Google also tells me P-Chunk is also likely to be infected, even though she isn't showing any symptoms. We will have to be fastidious about applying medication and disinfecting everything that touches her mouth at least once a day, or we could just keep passing the infection back and forth in a vicious cycle.
I feel defeated. I don't know if I can soldier through this again. The pain may be too much to bear one more time. We planned to start the weaning process soon, and I know she has received all the benefits of breastfeeding by now. Still, I wanted to stop on my
terms. When we
felt ready, not when pain and suffering pulled the rug out from under me and my baby girl.

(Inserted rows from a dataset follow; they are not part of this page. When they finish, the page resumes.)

(* Let $\sigma$ be a gradual semantics satisfying Stability, let $\mathcal{Q}=\langle\mathcal{A},\mathcal{R}^-,\mathcal{R}^+,\tau\rangle$ be a QBAF and $\alpha\in\mathcal{A}$. (1) If $\sigma(\alpha)>\tau(\alpha)$, then there exists $r\in\mathcal{R}$ with $\phi^\alpha_\sigma(r)>0$. (2) If $\sigma(\alpha)<\tau(\alpha)$, then there exists $r\in\mathcal{R}$ with $\phi^\alpha_\sigma(r)<0$.
   Context: A QBAF is a quadruple $\mathcal{Q}=\langle\mathcal{A},\mathcal{R}^-,\mathcal{R}^+,\tau\rangle$ with $\mathcal{A}$ a finite set of arguments, $\mathcal{R}^-,\mathcal{R}^+\subseteq\mathcal{A}\times\mathcal{A}$ disjoint attack and support relations, and $\tau:\mathcal{A}\to[0,1]$ base scores; $\mathcal{R}=\mathcal{R}^-\cup\mathcal{R}^+$. A gradual semantics $\sigma$ assigns to each QBAF a strength $\sigma(\alpha)\in[0,1]$ to every argument; it is assumed well-defined on every QBAF considered. For $\mathcal{S}\subseteq\mathcal{R}$, $\sigma_{\mathcal{S}}(\alpha)$ denotes the strength of $\alpha$ in $\langle\mathcal{A},\mathcal{R}^-\cap\mathcal{S},\mathcal{R}^+\cap\mathcal{S},\tau\rangle$. The RAE from $r\in\mathcal{R}$ to $\alpha$ under $\sigma$ is $$\phi^\alpha_\sigma(r)=\sum_{\mathcal{S}\subseteq\mathcal{R}\setminus\{r\}}\frac{(|\mathcal{R}|-|\mathcal{S}|-1)!\,|\mathcal{S}|!}{|\mathcal{R}|!}\big[\sigma_{\mathcal{S}\cup\{r\}}(\alpha)-\sigma_{\mathcal{S}}(\alpha)\big].$$ $\sigma$ satisfies Stability if in every QBAF, every argument with no incoming edges has strength equal to its base score. *)

theory Defs
  imports Main "HOL-Library.FuncSet" Complex_Main
begin

type_synonym 'a qbaf = "'a set \<times> ('a \<times> 'a) set \<times> ('a \<times> 'a) set \<times> ('a \<Rightarrow> real)"

definition args :: "'a qbaf \<Rightarrow> 'a set" where "args Q = fst Q"
definition att :: "'a qbaf \<Rightarrow> ('a \<times> 'a) set" where "att Q = fst (snd Q)"
definition supp :: "'a qbaf \<Rightarrow> ('a \<times> 'a) set" where "supp Q = fst (snd (snd Q))"
definition base :: "'a qbaf \<Rightarrow> 'a \<Rightarrow> real" where "base Q = snd (snd (snd Q))"
definition rels :: "'a qbaf \<Rightarrow> ('a \<times> 'a) set" where "rels Q = att Q \<union> supp Q"

definition is_qbaf :: "'a qbaf \<Rightarrow> bool" where
  "is_qbaf Q \<longleftrightarrow> finite (args Q) \<and> att Q \<subseteq> args Q \<times> args Q \<and> supp Q \<subseteq> args Q \<times> args Q
     \<and> att Q \<inter> supp Q = {} \<and> (\<forall>a\<in>args Q. 0 \<le> base Q a \<and> base Q a \<le> 1)"

type_synonym 'a semantics = "'a qbaf \<Rightarrow> 'a \<Rightarrow> real"

definition gradual_semantics :: "'a semantics \<Rightarrow> bool" where
  "gradual_semantics \<sigma> \<longleftrightarrow> (\<forall>Q. is_qbaf Q \<longrightarrow> (\<forall>a\<in>args Q. 0 \<le> \<sigma> Q a \<and> \<sigma> Q a \<le> 1))"

definition stability :: "'a semantics \<Rightarrow> bool" where
  "stability \<sigma> \<longleftrightarrow> (\<forall>Q. is_qbaf Q \<longrightarrow>
     (\<forall>a\<in>args Q. (\<forall>b. (b, a) \<notin> rels Q) \<longrightarrow> \<sigma> Q a = base Q a))"

definition restrict_rels :: "'a qbaf \<Rightarrow> ('a \<times> 'a) set \<Rightarrow> 'a qbaf" where
  "restrict_rels Q S = (args Q, att Q \<inter> S, supp Q \<inter> S, base Q)"

text \<open>Relation attribution explanation (Shapley value of edge r towards argument a).\<close>
definition RAE :: "'a semantics \<Rightarrow> 'a qbaf \<Rightarrow> 'a \<Rightarrow> ('a \<times> 'a) \<Rightarrow> real" where
  "RAE \<sigma> Q a r = (\<Sum>S \<in> Pow (rels Q - {r}).
     (fact (card (rels Q) - card S - 1) * fact (card S) / fact (card (rels Q)))
     * (\<sigma> (restrict_rels Q (S \<union> {r})) a - \<sigma> (restrict_rels Q S) a))"

end

theory Submission
  imports Defs
begin

text \<open>The RAEs of \<open>\<alpha>\<close> are the Shapley values of the cooperative game
  \<open>S \<mapsto> \<sigma>\<^sub>S(\<alpha>)\<close> on the edge set, so by efficiency of the Shapley value they sum to
  \<open>\<sigma>\<^sub>\<R>(\<alpha>) - \<sigma>\<^sub>{}(\<alpha>)\<close>. Without edges no argument is attacked or supported, hence
  Stability gives \<open>\<sigma>\<^sub>{}(\<alpha>) = \<tau>(\<alpha>)\<close>, and the sum of the RAEs is \<open>\<sigma>(\<alpha>) - \<tau>(\<alpha>)\<close>,
  which forces a summand of the same sign.
  Efficiency itself follows by regrouping the double sum over pairs \<open>(r, S)\<close> by
  \<open>T = S \<union> {r}\<close>: the coefficient of \<open>v T\<close> telescopes to \<open>[T = R] - [T = {}]\<close>.\<close>

definition shapley_weight :: "nat \<Rightarrow> nat \<Rightarrow> real" where
  "shapley_weight n s = fact (n - s - 1) * fact s / fact n"

definition shapley :: "'p set \<Rightarrow> ('p set \<Rightarrow> real) \<Rightarrow> 'p \<Rightarrow> real" where
  "shapley R v r =
     (\<Sum>S\<in>Pow (R - {r}). shapley_weight (card R) (card S) * (v (insert r S) - v S))"

lemma sum_Pow_remove_insert:
  assumes "finite R"
  shows "(\<Sum>r\<in>R. \<Sum>S\<in>Pow (R - {r}). g (insert r S)) = (\<Sum>T\<in>Pow R. real (card T) * g T)"
proof -
  have inner: "(\<Sum>S\<in>Pow (R - {r}). g (insert r S)) = (\<Sum>T\<in>Pow R. if r \<in> T then g T else 0)"
    if "r \<in> R" for r
  proof -
    have inj: "inj_on (insert r) (Pow (R - {r}))"
      unfolding inj_on_def by (metis Diff_insert_absorb PowD subset_Diff_insert)
    have img: "insert r ` Pow (R - {r}) = {T \<in> Pow R. r \<in> T}"
    proof (rule set_eqI, rule iffI)
      fix T assume "T \<in> {T \<in> Pow R. r \<in> T}"
      then have "T = insert r (T - {r})" "T - {r} \<in> Pow (R - {r})" by auto
      then show "T \<in> insert r ` Pow (R - {r})" by blast
    qed (use that in auto)
    have "(\<Sum>S\<in>Pow (R - {r}). g (insert r S)) = (\<Sum>T\<in>{T \<in> Pow R. r \<in> T}. g T)"
      unfolding img[symmetric] by (simp add: sum.reindex[OF inj])
    also have "\<dots> = (\<Sum>T\<in>Pow R. if r \<in> T then g T else 0)"
      using assms by (intro sum.inter_filter) simp
    finally show ?thesis .
  qed
  have "(\<Sum>r\<in>R. \<Sum>S\<in>Pow (R - {r}). g (insert r S))
      = (\<Sum>T\<in>Pow R. \<Sum>r\<in>R. if r \<in> T then g T else 0)"
    by (simp add: inner sum.swap[of _ _ "Pow R"])
  also have "\<dots> = (\<Sum>T\<in>Pow R. real (card T) * g T)"
  proof (rule sum.cong[OF refl])
    fix T assume "T \<in> Pow R"
    then have "R \<inter> T = T" by auto
    then show "(\<Sum>r\<in>R. if r \<in> T then g T else 0) = real (card T) * g T"
      using assms by (simp add: sum.If_cases)
  qed
  finally show ?thesis .
qed

lemma sum_Pow_remove:
  assumes "finite R"
  shows "(\<Sum>r\<in>R. \<Sum>S\<in>Pow (R - {r}). h S) = (\<Sum>T\<in>Pow R. real (card R - card T) * h T)"
proof -
  have inner: "(\<Sum>S\<in>Pow (R - {r}). h S) = (\<Sum>T\<in>Pow R. if r \<notin> T then h T else 0)" for r
  proof -
    have "Pow (R - {r}) = {T \<in> Pow R. r \<notin> T}" by auto
    then show ?thesis
      using assms sum.inter_filter[of "Pow R" h "\<lambda>T. r \<notin> T"] by simp
  qed
  have "(\<Sum>r\<in>R. \<Sum>S\<in>Pow (R - {r}). h S) = (\<Sum>T\<in>Pow R. \<Sum>r\<in>R. if r \<notin> T then h T else 0)"
    by (simp add: inner sum.swap[of _ _ "Pow R"])
  also have "\<dots> = (\<Sum>T\<in>Pow R. real (card R - card T) * h T)"
  proof (rule sum.cong[OF refl])
    fix T assume T: "T \<in> Pow R"
    have "R \<inter> {r. r \<notin> T} = R - T" by auto
    moreover have "card (R - T) = card R - card T"
      using T assms by (simp add: card_Diff_subset finite_subset)
    ultimately show "(\<Sum>r\<in>R. if r \<notin> T then h T else 0) = real (card R - card T) * h T"
      using assms by (simp add: sum.If_cases)
  qed
  finally show ?thesis .
qed

lemma card_times_shapley_weight_pred:
  assumes "0 < t"
  shows "real t * shapley_weight n (t - 1) = fact (n - t) * fact t / fact n"
proof -
  obtain k where "t = Suc k" using assms gr0_implies_Suc by blast
  then show ?thesis unfolding shapley_weight_def by (simp add: fact_Suc)
qed

lemma card_diff_times_shapley_weight:
  assumes "t < n"
  shows "real (n - t) * shapley_weight n t = fact (n - t) * fact t / fact n"
proof -
  obtain m where m: "n - t = Suc m" using assms by (metis Suc_diff_Suc)
  then have "n - t - 1 = m" by simp
  then show ?thesis unfolding shapley_weight_def m by (simp add: fact_Suc)
qed

lemma shapley_weight_telescope:
  assumes "t \<le> n" "0 < n"
  shows "real t * shapley_weight n (t - 1) - real (n - t) * shapley_weight n t
       = (if t = n then 1 else 0) - (if t = 0 then 1 else 0)"
proof (cases "t = 0 \<or> t = n")
  case True
  then show ?thesis
    using assms card_times_shapley_weight_pred[of t n] card_diff_times_shapley_weight[of t n]
    by auto
next
  case False
  then show ?thesis
    using assms card_times_shapley_weight_pred[of t n] card_diff_times_shapley_weight[of t n]
    by simp
qed

lemma shapley_efficiency:
  assumes "finite R"
  shows "(\<Sum>r\<in>R. shapley R v r) = v R - v {}"
proof (cases "R = {}")
  case True
  then show ?thesis by simp
next
  case False
  let ?w = "shapley_weight (card R)"
  have card_insert: "card (insert r S) = Suc (card S)" if "r \<in> R" "S \<in> Pow (R - {r})" for r S
  proof -
    have "finite S" "r \<notin> S" using that assms finite_subset[of S R] by auto
    then show ?thesis by simp
  qed
  have coeff: "real (card T) * ?w (card T - 1) - real (card R - card T) * ?w (card T)
      = (if T = R then 1 else 0) - (if T = {} then 1 else 0)" if "T \<subseteq> R" for T
  proof -
    have "T = R \<longleftrightarrow> card T = card R" "T = {} \<longleftrightarrow> card T = 0"
      using card_subset_eq[OF assms that] finite_subset[OF that assms] by auto
    moreover have "card T \<le> card R" "0 < card R"
      using card_mono[OF assms that] assms False by (auto simp: card_gt_0_iff)
    ultimately show ?thesis using shapley_weight_telescope by presburger
  qed
  have "(\<Sum>r\<in>R. shapley R v r)
      = (\<Sum>r\<in>R. \<Sum>S\<in>Pow (R - {r}). (\<lambda>T. ?w (card T - 1) * v T) (insert r S))
      - (\<Sum>r\<in>R. \<Sum>S\<in>Pow (R - {r}). ?w (card S) * v S)"
    unfolding shapley_def sum_subtractf[symmetric]
    by (intro sum.cong refl) (simp add: card_insert algebra_simps)
  also have "\<dots> = (\<Sum>T\<in>Pow R. real (card T) * (?w (card T - 1) * v T))
      - (\<Sum>T\<in>Pow R. real (card R - card T) * (?w (card T) * v T))"
    using sum_Pow_remove_insert[OF assms] sum_Pow_remove[OF assms] by simp
  also have "\<dots> = (\<Sum>T\<in>Pow R. ((if T = R then 1 else 0) - (if T = {} then 1 else 0)) * v T)"
    unfolding sum_subtractf[symmetric]
    by (intro sum.cong refl) (simp add: coeff[symmetric] algebra_simps)
  also have "\<dots> = (\<Sum>T\<in>Pow R. (if T = R then v T else 0) - (if T = {} then v T else 0))"
    by (intro sum.cong refl) auto
  also have "\<dots> = v R - v {}"
    using assms by (simp add: sum_subtractf sum.delta')
  finally show ?thesis .
qed

lemma RAE_eq_shapley:
  "RAE \<sigma> Q a r = shapley (rels Q) (\<lambda>S. \<sigma> (restrict_rels Q S) a) r"
  unfolding RAE_def shapley_def shapley_weight_def by simp

lemma finite_rels: "is_qbaf Q \<Longrightarrow> finite (rels Q)"
  unfolding is_qbaf_def rels_def by (meson finite_SigmaI finite_UnI finite_subset)

lemma restrict_rels_rels: "restrict_rels Q (rels Q) = Q"
  unfolding restrict_rels_def rels_def args_def att_def supp_def base_def by (cases Q) auto

lemma stability_restrict_rels_empty:
  assumes "stability \<sigma>" "is_qbaf Q" "a \<in> args Q"
  shows "\<sigma> (restrict_rels Q {}) a = base Q a"
proof -
  have "is_qbaf (restrict_rels Q {})"
    using assms(2) unfolding is_qbaf_def restrict_rels_def args_def att_def supp_def base_def
    by auto
  then show ?thesis
    using assms unfolding stability_def
    by (auto simp: restrict_rels_def args_def rels_def att_def supp_def base_def)
qed

lemma sum_RAE:
  assumes "stability \<sigma>" "is_qbaf Q" "a \<in> args Q"
  shows "(\<Sum>r\<in>rels Q. RAE \<sigma> Q a r) = \<sigma> Q a - base Q a"
  using shapley_efficiency[OF finite_rels[OF assms(2)], of "\<lambda>S. \<sigma> (restrict_rels Q S) a"]
  by (simp add: RAE_eq_shapley restrict_rels_rels stability_restrict_rels_empty[OF assms])

theorem corollary1:
  fixes \<sigma> :: "'a semantics" and Q :: "'a qbaf" and \<alpha> :: 'a
  assumes "gradual_semantics \<sigma>" and "stability \<sigma>"
    and "is_qbaf Q" and "\<alpha> \<in> args Q"
  shows "(\<sigma> Q \<alpha> > base Q \<alpha> \<longrightarrow> (\<exists>r \<in> rels Q. RAE \<sigma> Q \<alpha> r > 0))
       \<and> (\<sigma> Q \<alpha> < base Q \<alpha> \<longrightarrow> (\<exists>r \<in> rels Q. RAE \<sigma> Q \<alpha> r < 0))"
proof -
  have sum: "(\<Sum>r\<in>rels Q. RAE \<sigma> Q \<alpha> r) = \<sigma> Q \<alpha> - base Q \<alpha>"
    using sum_RAE assms(2-4) .
  show ?thesis
  proof (intro conjI impI)
    assume "\<sigma> Q \<alpha> > base Q \<alpha>"
    with sum show "\<exists>r \<in> rels Q. RAE \<sigma> Q \<alpha> r > 0"
      by (metis diff_gt_0_iff_gt not_le sum_nonpos)
  next
    assume "\<sigma> Q \<alpha> < base Q \<alpha>"
    with sum show "\<exists>r \<in> rels Q. RAE \<sigma> Q \<alpha> r < 0"
      by (metis diff_less_0_iff_less not_le sum_nonneg)
  qed
qed

end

I will call the doctor tomorrow and pray that my middle-of-the-night pumping isn't unbearably painful. I will wallow in self-pity and fight back some tears. Then, if I know myself, I will figure out a way to get through this and stop thinking about ME
. About why I have to go through this, and what I did to deserve this.
If there's one thing motherhood has crystallized, it's that it just isn't about me. My daughter isn't ready to wean yet, and I don't have the heart to make her go cold turkey, no matter how much pain I am in.
One way or another, she's going to get her Mami's milk until her first birthday.
And once we reach that milestone, I plan to drink many, many margaritas.